Exercise instructions: Among these entries, how many lines contain "Sminus"? Say the number and nothing else.

++++

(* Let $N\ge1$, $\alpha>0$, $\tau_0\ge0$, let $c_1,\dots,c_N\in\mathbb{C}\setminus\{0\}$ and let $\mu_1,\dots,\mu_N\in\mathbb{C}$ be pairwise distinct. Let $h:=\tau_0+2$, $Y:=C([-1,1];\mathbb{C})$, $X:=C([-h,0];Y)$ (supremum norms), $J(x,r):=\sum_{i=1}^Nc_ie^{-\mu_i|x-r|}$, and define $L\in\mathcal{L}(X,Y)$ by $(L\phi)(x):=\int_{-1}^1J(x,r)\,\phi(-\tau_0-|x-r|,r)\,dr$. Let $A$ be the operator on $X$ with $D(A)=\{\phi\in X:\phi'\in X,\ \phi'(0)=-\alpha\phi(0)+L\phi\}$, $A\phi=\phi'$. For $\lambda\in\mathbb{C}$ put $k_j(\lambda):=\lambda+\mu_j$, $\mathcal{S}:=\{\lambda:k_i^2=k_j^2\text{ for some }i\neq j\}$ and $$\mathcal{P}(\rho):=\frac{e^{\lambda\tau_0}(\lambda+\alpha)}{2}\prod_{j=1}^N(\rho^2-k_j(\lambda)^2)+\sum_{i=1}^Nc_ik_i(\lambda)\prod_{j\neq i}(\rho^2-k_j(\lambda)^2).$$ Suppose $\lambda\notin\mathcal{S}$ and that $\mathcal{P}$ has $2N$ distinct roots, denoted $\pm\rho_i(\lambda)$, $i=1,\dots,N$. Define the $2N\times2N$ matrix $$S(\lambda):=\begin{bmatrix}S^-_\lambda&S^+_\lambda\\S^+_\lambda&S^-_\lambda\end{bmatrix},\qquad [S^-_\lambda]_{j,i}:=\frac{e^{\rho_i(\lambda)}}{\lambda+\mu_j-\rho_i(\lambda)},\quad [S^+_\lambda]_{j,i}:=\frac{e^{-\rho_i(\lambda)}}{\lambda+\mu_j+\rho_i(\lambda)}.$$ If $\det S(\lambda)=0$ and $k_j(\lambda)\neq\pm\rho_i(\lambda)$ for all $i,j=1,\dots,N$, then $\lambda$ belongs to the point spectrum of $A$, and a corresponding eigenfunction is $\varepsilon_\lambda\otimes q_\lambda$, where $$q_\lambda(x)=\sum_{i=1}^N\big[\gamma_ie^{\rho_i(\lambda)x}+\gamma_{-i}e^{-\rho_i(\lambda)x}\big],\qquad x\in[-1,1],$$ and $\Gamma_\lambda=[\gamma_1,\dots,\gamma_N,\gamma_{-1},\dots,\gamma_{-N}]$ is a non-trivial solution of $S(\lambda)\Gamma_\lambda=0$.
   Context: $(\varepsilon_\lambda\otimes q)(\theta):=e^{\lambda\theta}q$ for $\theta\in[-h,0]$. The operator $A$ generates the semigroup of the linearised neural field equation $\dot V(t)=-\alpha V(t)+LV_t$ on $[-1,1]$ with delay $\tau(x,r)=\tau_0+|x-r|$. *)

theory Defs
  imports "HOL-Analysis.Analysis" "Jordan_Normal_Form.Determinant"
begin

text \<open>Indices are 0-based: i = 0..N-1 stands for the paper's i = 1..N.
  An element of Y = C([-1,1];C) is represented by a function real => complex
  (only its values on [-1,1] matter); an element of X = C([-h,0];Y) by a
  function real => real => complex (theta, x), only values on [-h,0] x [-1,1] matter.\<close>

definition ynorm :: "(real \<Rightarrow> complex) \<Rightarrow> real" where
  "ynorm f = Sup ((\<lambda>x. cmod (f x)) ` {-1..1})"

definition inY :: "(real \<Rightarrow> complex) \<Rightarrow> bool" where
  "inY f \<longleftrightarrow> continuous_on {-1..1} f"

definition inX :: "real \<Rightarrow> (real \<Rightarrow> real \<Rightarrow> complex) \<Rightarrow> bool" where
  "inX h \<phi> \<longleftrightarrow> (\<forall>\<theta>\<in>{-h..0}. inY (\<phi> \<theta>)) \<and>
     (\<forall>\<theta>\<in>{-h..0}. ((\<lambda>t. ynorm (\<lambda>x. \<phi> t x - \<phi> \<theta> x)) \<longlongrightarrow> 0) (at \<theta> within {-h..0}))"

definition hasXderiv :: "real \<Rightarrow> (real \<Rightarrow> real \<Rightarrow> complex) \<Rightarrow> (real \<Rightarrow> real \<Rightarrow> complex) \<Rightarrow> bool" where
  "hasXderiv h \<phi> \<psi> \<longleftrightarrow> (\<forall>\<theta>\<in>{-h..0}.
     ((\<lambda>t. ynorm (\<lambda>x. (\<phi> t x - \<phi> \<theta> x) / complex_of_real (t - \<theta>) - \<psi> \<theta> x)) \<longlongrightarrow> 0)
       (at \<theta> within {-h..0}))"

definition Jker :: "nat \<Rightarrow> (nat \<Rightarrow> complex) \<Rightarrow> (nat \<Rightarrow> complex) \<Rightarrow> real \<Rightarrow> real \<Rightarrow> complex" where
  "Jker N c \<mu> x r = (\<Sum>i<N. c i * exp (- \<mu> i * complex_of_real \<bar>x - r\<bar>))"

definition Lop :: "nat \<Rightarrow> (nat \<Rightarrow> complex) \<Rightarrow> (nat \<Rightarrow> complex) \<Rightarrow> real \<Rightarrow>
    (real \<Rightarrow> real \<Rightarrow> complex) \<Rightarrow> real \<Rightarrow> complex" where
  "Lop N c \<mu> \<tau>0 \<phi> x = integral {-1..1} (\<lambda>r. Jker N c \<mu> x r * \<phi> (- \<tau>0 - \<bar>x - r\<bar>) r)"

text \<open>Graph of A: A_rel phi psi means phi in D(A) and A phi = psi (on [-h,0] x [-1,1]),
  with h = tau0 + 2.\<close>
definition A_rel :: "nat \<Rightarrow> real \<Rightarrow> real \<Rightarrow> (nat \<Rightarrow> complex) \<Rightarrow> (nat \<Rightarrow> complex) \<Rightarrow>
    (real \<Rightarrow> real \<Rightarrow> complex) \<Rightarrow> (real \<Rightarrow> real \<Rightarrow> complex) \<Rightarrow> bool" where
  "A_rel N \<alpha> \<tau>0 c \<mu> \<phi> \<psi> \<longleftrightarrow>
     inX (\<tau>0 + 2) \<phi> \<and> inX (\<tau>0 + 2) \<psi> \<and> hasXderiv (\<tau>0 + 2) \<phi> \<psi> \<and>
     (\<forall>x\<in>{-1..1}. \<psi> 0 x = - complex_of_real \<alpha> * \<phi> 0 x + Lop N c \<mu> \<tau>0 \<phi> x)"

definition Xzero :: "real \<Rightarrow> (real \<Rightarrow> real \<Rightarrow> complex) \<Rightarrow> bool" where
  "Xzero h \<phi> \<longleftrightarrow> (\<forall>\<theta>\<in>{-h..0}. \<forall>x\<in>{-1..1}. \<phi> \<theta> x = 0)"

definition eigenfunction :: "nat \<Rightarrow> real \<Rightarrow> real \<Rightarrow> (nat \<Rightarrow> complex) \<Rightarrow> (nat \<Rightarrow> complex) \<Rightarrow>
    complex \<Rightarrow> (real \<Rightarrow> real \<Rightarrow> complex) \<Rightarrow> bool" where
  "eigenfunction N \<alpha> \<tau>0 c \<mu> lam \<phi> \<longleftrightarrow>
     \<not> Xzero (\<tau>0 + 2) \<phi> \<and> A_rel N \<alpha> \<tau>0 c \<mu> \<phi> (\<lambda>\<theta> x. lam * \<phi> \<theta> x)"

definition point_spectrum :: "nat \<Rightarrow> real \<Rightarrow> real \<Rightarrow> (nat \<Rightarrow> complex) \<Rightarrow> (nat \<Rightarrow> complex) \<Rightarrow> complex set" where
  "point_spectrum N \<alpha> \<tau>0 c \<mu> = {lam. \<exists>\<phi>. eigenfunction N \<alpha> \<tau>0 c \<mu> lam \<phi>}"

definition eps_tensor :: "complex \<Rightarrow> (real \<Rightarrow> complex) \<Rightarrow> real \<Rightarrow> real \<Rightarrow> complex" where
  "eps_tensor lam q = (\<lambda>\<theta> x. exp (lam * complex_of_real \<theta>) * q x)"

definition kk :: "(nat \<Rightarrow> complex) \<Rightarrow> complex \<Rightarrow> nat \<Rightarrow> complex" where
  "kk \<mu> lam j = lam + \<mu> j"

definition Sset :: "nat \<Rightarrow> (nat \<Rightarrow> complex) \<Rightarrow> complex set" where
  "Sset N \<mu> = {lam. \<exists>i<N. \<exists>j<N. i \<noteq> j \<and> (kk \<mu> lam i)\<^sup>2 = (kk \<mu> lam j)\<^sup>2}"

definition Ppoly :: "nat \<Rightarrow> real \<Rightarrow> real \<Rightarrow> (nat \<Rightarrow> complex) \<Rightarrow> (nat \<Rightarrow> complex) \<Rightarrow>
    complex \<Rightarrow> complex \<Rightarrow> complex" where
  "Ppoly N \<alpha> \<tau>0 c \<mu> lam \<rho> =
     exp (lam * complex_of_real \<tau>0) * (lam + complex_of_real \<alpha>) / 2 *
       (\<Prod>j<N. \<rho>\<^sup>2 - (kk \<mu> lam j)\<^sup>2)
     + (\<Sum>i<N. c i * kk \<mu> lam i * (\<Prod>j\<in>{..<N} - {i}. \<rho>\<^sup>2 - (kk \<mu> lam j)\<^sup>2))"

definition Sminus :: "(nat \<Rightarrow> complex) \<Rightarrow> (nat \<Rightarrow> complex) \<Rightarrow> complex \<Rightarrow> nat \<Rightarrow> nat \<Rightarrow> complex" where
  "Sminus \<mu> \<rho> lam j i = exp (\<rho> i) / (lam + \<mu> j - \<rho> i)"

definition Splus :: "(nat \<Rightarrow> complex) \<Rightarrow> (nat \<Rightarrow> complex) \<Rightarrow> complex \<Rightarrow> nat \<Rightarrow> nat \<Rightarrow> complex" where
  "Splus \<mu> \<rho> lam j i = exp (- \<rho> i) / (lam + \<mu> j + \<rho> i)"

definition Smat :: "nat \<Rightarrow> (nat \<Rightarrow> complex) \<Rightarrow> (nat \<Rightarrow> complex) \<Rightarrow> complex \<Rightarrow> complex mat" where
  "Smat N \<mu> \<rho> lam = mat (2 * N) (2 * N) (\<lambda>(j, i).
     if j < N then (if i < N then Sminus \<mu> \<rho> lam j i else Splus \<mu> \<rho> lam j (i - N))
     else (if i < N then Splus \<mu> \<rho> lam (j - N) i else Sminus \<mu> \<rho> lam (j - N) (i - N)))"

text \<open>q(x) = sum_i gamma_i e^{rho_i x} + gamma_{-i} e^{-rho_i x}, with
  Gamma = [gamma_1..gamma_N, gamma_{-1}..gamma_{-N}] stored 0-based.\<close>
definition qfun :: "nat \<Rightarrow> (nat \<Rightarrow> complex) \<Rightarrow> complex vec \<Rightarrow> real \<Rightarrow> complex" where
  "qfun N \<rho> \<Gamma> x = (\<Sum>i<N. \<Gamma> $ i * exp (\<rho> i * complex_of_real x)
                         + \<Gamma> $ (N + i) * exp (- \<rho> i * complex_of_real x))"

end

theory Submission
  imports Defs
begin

++++

Expected output: 4